The Ford Ranger Raptor has visited Litchfield tuners... to collect a Porsche 911 engine
Well, it finally happened. I used the mighty Raptor as a truck to do truck things. And it was such a success that I’m planning other things to make the most of its utility. Both the Raptor and I are walking a little taller, feeling more rugged. We are creatures of action and purpose. Well, sometimes. Very rarely.
The glorious day started unremarkably enough. Grey, cold, light drizzle. Luckily the Raptor is a very welcome sight on a winter’s day. Climbing up into the driver’s seat (and it is quite a climb. You sit much higher than most SUVs and really need the running board) creates a sense of elevated invincibility. Plus, the heated seats are nuclear and the heated steering wheel works very well, too.
The first leg of the journey was a simple 80-mile motorway schlep in company with my old Porsche 996 Carrera. Not much to report other than how HUGE the Raptor looks next to a 27-year old 911. In fact, it is huge. Over 100mm longer than a Range-Rover in long wheelbase configuration, for example. The Raptor doesn’t quite have Autobiography-levels of refinement but there’s little of the separate chassis shudder than you might expect. In this respect it’s much better than the full size F-150 Raptor available in the US.

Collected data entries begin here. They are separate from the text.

text \<open>The product formula is assumed only up to \<open>e\<close>, so that this serves inside the induction
  proving it. A common factor of \<open>\<Phi>\<^sub>e\<close> and \<open>X\<^sup>j - 1\<close> divides \<open>X\<^sup>g - 1\<close> for
  \<open>g = gcd e j < e\<close>; as \<open>\<Phi>\<^sub>e (X\<^sup>g - 1)\<close> divides \<open>X\<^sup>e - 1\<close>, its square divides the
  squarefree \<open>X\<^sup>e - 1\<close>.\<close>

lemma coprime_cyclotomic_if_prod_formula:
  assumes prod_formula: "\<And>e'. 0 < e' \<Longrightarrow> e' \<le> e \<Longrightarrow> prod cyclotomic {h. h dvd e'} = [:0, 1:] ^ e' - 1"
    and "e > 0" and "j > 0" and "\<not> e dvd j"
  shows "coprime (cyclotomic e) ([:0, 1:] ^ j - 1)"
proof (rule coprimeI)
  fix c assume c_cyc: "c dvd cyclotomic e" and c_j: "c dvd [:0, 1:] ^ j - 1"
  define g where "g = gcd e j"
  have "g > 0" "g dvd e" using \<open>e > 0\<close> by (simp_all add: g_def)
  moreover have "g \<noteq> e" using assms(4) by (metis g_def gcd_dvd2)
  ultimately have "g < e" using dvd_imp_le[of g e] \<open>e > 0\<close> by simp
  have "[:0, 1:] ^ e - 1 = prod cyclotomic {h. h dvd e}"
    using prod_formula[of e] \<open>e > 0\<close> by simp
  also have "\<dots> = cyclotomic e * prod cyclotomic {h. h dvd e \<and> h < e}"
    using \<open>e > 0\<close> by (rule prod_divisors_eq)
  finally have E: "[:0, 1:] ^ e - 1 = cyclotomic e * prod cyclotomic {h. h dvd e \<and> h < e}" .
  have "[:0, 1:] ^ g - 1 = prod cyclotomic {h. h dvd g}"
    using prod_formula[of g] \<open>g > 0\<close> \<open>g < e\<close> by simp
  also have "\<dots> dvd prod cyclotomic {h. h dvd e \<and> h < e}"
  proof (rule prod_dvd_prod_subset)
    show "{h. h dvd g} \<subseteq> {h. h dvd e \<and> h < e}"
      using \<open>g dvd e\<close> \<open>g < e\<close> dvd_imp_le[OF _ \<open>g > 0\<close>] dvd_trans[of _ g e] by fastforce
  qed simp
  finally have "cyclotomic e * ([:0, 1:] ^ g - 1) dvd [:0, 1:] ^ e - 1"
    unfolding E by (rule mult_dvd_mono[OF dvd_refl])
  moreover have "c dvd [:0, 1:] ^ e - 1"
    unfolding E using c_cyc by (rule dvd_mult2)
  then have "c dvd [:0, 1:] ^ g - 1"
    unfolding g_def using c_j \<open>e > 0\<close> by (rule dvd_power_gcd_minus_one)
  then have "c * c dvd cyclotomic e * ([:0, 1:] ^ g - 1)"
    using c_cyc by (rule mult_dvd_mono[rotated])
  ultimately have "c * c dvd [:0, 1:] ^ e - 1"
    by (rule dvd_trans[rotated])
  then show "is_unit c" using X_power_minus_one_squarefree \<open>e > 0\<close> by blast
qed

lemma prod_cyclotomic_divisors:
  "n > 0 \<Longrightarrow> prod cyclotomic {e. e dvd n} = [:0, 1:] ^ n - 1"
proof (induction n rule: less_induct)
  case (less n)
  define D where "D = {e. e dvd n \<and> e < n}"
  have D: "0 < e" "e < n" "e dvd n" if "e \<in> D" for e
    using that less.prems by (auto simp: D_def intro: Nat.gr0I)
  have cyc_dvd: "cyclotomic e dvd [:0, 1:] ^ e - 1" if "e \<in> D" for e
  proof -
    have "[:0, 1:] ^ e - 1 = prod cyclotomic {h. h dvd e}"
      using less.IH[OF D(2)[OF that] D(1)[OF that]] by simp
    also have "\<dots> = cyclotomic e * prod cyclotomic {h. h dvd e \<and> h < e}"
      using D(1)[OF that] by (rule prod_divisors_eq)
    finally show ?thesis by simp
  qed
  have coprime_D: "coprime (cyclotomic e) ([:0, 1:] ^ j - 1)"
    if "e \<in> D" "j > 0" "\<not> e dvd j" for e j
  proof (rule coprime_cyclotomic_if_prod_formula)
    show "prod cyclotomic {h. h dvd e'} = [:0, 1:] ^ e' - 1" if "0 < e'" "e' \<le> e" for e'
      using that D(2)[OF \<open>e \<in> D\<close>] by (intro less.IH) simp_all
  qed (use that D(1)[OF that(1)] in simp_all)
  have "prod cyclotomic D dvd [:0, 1:] ^ n - 1"
  proof (rule pairwise_coprime_prod_dvd)
    show "finite D" by (simp add: D_def)
    show "cyclotomic e dvd [:0, 1:] ^ n - 1" if "e \<in> D" for e
      using cyc_dvd[OF that] power_minus_one_dvd_power_minus_one[OF D(3)[OF that]]
      by (rule dvd_trans)
    show "coprime (cyclotomic e) (cyclotomic e')" if "e \<in> D" "e' \<in> D" "e \<noteq> e'" for e e'
    proof (cases "e dvd e'")
      case False
      show ?thesis
        by (rule coprime_divisors[OF dvd_refl cyc_dvd[OF that(2)] coprime_D[OF that(1) D(1)[OF that(2)] False]])
    next
      case True
      then have "\<not> e' dvd e" using that(3) dvd_antisym by blast
      then have "coprime (cyclotomic e') (cyclotomic e)"
        by (rule coprime_divisors[OF dvd_refl cyc_dvd[OF that(1)] coprime_D[OF that(2) D(1)[OF that(1)]]])
      then show ?thesis by (simp add: coprime_commute)
    qed
  qed
  then have "cyclotomic n * prod cyclotomic D = [:0, 1:] ^ n - 1"
    using cyclotomic_eq_div[OF less.prems] by (simp add: D_def)
  then show ?case using prod_divisors_eq[OF less.prems, of cyclotomic] by (simp add: D_def)
qed

lemma cyclotomic_dvd_X_power_minus_one:
  assumes "n > 0"
  shows "cyclotomic n dvd [:0, 1:] ^ n - 1"
proof (rule dvdI)
  show "[:0, 1:] ^ n - 1 = cyclotomic n * prod cyclotomic {e. e dvd n \<and> e < n}"
    using prod_cyclotomic_divisors[OF assms] prod_divisors_eq[OF assms, of cyclotomic] by simp
qed

lemma coprime_cyclotomic_X_power_minus_one:
  "n > 0 \<Longrightarrow> j > 0 \<Longrightarrow> \<not> n dvd j \<Longrightarrow> coprime (cyclotomic n) ([:0, 1:] ^ j - 1)"
  by (rule coprime_cyclotomic_if_prod_formula) (simp_all add: prod_cyclotomic_divisors)

section \<open>Fractions integral at a modulus\<close>

text \<open>Denominators are required to be invertible modulo \<open>f\<close> rather than coprime to it:
  invertibility is evidently multiplicative, whereas coprimality on \<open>RP\<close> has no gcd theory
  behind it, \<open>fract\<close> having no \<open>factorial_ring_gcd\<close> instance.\<close>

definition invertible_mod :: "'a::comm_ring_1 \<Rightarrow> 'a \<Rightarrow> bool" where
  "invertible_mod f x \<longleftrightarrow> (\<exists>u. f dvd x * u - 1)"

lemma invertible_mod_1: "invertible_mod f 1"
  unfolding invertible_mod_def by (rule exI[of _ 1]) simp

lemma invertible_mod_mult:
  assumes "invertible_mod f x" and "invertible_mod f y"
  shows "invertible_mod f (x * y)"
proof -
  obtain u w where "f dvd x * u - 1" "f dvd y * w - 1"
    using assms unfolding invertible_mod_def by blast
  then have "f dvd (x * u - 1) * (y * w) + (y * w - 1)" by (intro dvd_add dvd_mult2)
  also have "(x * u - 1) * (y * w) + (y * w - 1) = x * y * (u * w) - 1"
    by (simp add: algebra_simps)
  finally have "f dvd x * y * (u * w) - 1" .
  then show ?thesis unfolding invertible_mod_def by blast
qed

lemma invertible_mod_if_dvd_minus_unit:
  assumes "f dvd x * y - c" and "is_unit c"
  shows "invertible_mod f x"
proof -
  obtain c' where c': "1 = c * c'" using assms(2) by (rule dvdE)
  have "x * (y * c') - 1 = (x * y - c) * c'" by (simp add: c' algebra_simps)
  then have "f dvd x * (y * c') - 1" using assms(1) by simp
  then show ?thesis unfolding invertible_mod_def by blast
qed

lemma invertible_mod_factor: "invertible_mod f (x * y) \<Longrightarrow> invertible_mod f x"
  unfolding invertible_mod_def by (metis mult.assoc)

lemma coprime_if_invertible_mod:
  assumes "invertible_mod f x"
  shows "coprime x f"
proof (rule coprimeI)
  obtain u where u: "f dvd x * u - 1" using assms unfolding invertible_mod_def by blast
  fix c assume "c dvd x" "c dvd f"
  then have "c dvd x * u - (x * u - 1)" using u by (blast intro: dvd_diff dvd_mult2 dvd_trans)
  then show "is_unit c" by simp
qed

definition integral_mod :: "'a::idom \<Rightarrow> 'a fract \<Rightarrow> bool" where
  "integral_mod f A \<longleftrightarrow> (\<exists>P Q. Q \<noteq> 0 \<and> invertible_mod f Q \<and> A = Fract P Q)"

definition unit_mod :: "'a::idom \<Rightarrow> 'a fract \<Rightarrow> bool" where
  "unit_mod f A \<longleftrightarrow>
     (\<exists>P Q. P \<noteq> 0 \<and> Q \<noteq> 0 \<and> invertible_mod f P \<and> invertible_mod f Q \<and> A = Fract P Q)"

definition zero_mod :: "'a::idom \<Rightarrow> 'a fract \<Rightarrow> bool" where
  "zero_mod f A \<longleftrightarrow> (\<exists>P Q. Q \<noteq> 0 \<and> invertible_mod f Q \<and> f dvd P \<and> A = Fract P Q)"

definition cong_mod :: "'a::idom \<Rightarrow> 'a fract \<Rightarrow> 'a fract \<Rightarrow> bool" where
  "cong_mod f A B \<longleftrightarrow> zero_mod f (A - B)"

lemma integral_mod_Fract_1: "integral_mod f (Fract P 1)"
  unfolding integral_mod_def by (intro exI[of _ P] exI[of _ 1]) (simp add: invertible_mod_1)

lemma integral_mod_1: "integral_mod f 1"
  using integral_mod_Fract_1[of f 1] by (simp add: One_fract_def)

lemma integral_mod_add:
  assumes "integral_mod f A" and "integral_mod f B"
  shows "integral_mod f (A + B)"
proof -
  obtain P Q P' Q' where "Q \<noteq> 0" "invertible_mod f Q" "A = Fract P Q"
    and "Q' \<noteq> 0" "invertible_mod f Q'" "B = Fract P' Q'"
    using assms unfolding integral_mod_def by blast
  then show ?thesis
    unfolding integral_mod_def
    by (intro exI[of _ "P * Q' + P' * Q"] exI[of _ "Q * Q'"]) (simp add: invertible_mod_mult)
qed

lemma integral_mod_mult:
  assumes "integral_mod f A" and "integral_mod f B"
  shows "integral_mod f (A * B)"
proof -
  obtain P Q P' Q' where "Q \<noteq> 0" "invertible_mod f Q" "A = Fract P Q"
    and "Q' \<noteq> 0" "invertible_mod f Q'" "B = Fract P' Q'"
    using assms unfolding integral_mod_def by blast
  then show ?thesis
    unfolding integral_mod_def
    by (intro exI[of _ "P * P'"] exI[of _ "Q * Q'"]) (simp add: invertible_mod_mult)
qed

lemma integral_mod_uminus:
  assumes "integral_mod f A"
  shows "integral_mod f (- A)"
proof -
  obtain P Q where "Q \<noteq> 0" "invertible_mod f Q" "A = Fract P Q"
    using assms unfolding integral_mod_def by blast
  then show ?thesis unfolding integral_mod_def by (intro exI[of _ "- P"] exI[of _ Q]) simp
qed

lemma integral_mod_diff: "integral_mod f A \<Longrightarrow> integral_mod f B \<Longrightarrow> integral_mod f (A - B)"
  using integral_mod_add[of f A "- B"] integral_mod_uminus[of f B] by simp

lemma integral_mod_power: "integral_mod f A \<Longrightarrow> integral_mod f (A ^ n)"
  by (induction n) (simp_all add: integral_mod_1 integral_mod_mult)

lemma integral_mod_prod: "(\<And>i. i \<in> I \<Longrightarrow> integral_mod f (g i)) \<Longrightarrow> integral_mod f (prod g I)"
  by (induction I rule: infinite_finite_induct) (simp_all add: integral_mod_1 integral_mod_mult)

lemma unit_mod_Fract_1: "P \<noteq> 0 \<Longrightarrow> invertible_mod f P \<Longrightarrow> unit_mod f (Fract P 1)"
  unfolding unit_mod_def by (intro exI[of _ P] exI[of _ 1]) (simp add: invertible_mod_1)

lemma unit_mod_imp_integral_mod: "unit_mod f A \<Longrightarrow> integral_mod f A"
  unfolding unit_mod_def integral_mod_def by blast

Our destination was Litchfield, renowned tuner for Nissan GT-R and now Porsche, McLaren, BMW and anything else with four-wheels. They are the mad geniuses behind my 991 Carrera S-powered and wholly OTT 996. Which means they’ve also had my old broken 3.4-litre engine cluttering up their storage area for some time. So, the Raptor’s job was to bring it home to put in another storage area for an open-ended amount of time with the pretence I might rebuild it and sell it on. I’m sure I’ll throw it away in a few years' time!
The Raptor accepted the palette and forlorn flat-six with room to spare and despite the clearly much lower ride height once loaded, the powertrain barely seemed to notice. In some ways the truck felt a little better. The ride quality more settled, creating an even more relaxing journey on the way home. The afterglow of using a hand-pumped forklift and doing manual labour things probably helped, too.
As it turned out I had to drive around with the engine in the bed for several days. This curtailed my usual driving style, but did reinforce the Raptor’s effortless abilities. Five-up and with a heavy old lump in the back, the Ford barely shrugged. Although I am naturally prejudiced against huge, heavy vehicles purporting to be family cars, I have to admit that having the Raptor around is very appealing indeed. As much for the theoretical ability as for actually deploying it. Off-road, towing, loaded-up with stuff, sliding heroically around on tarmac, sand, mud or rocks… as a car for the apocalypse, the Raptor is hard to beat. Not bad on a drizzly Monday morning in Northamptonshire, either.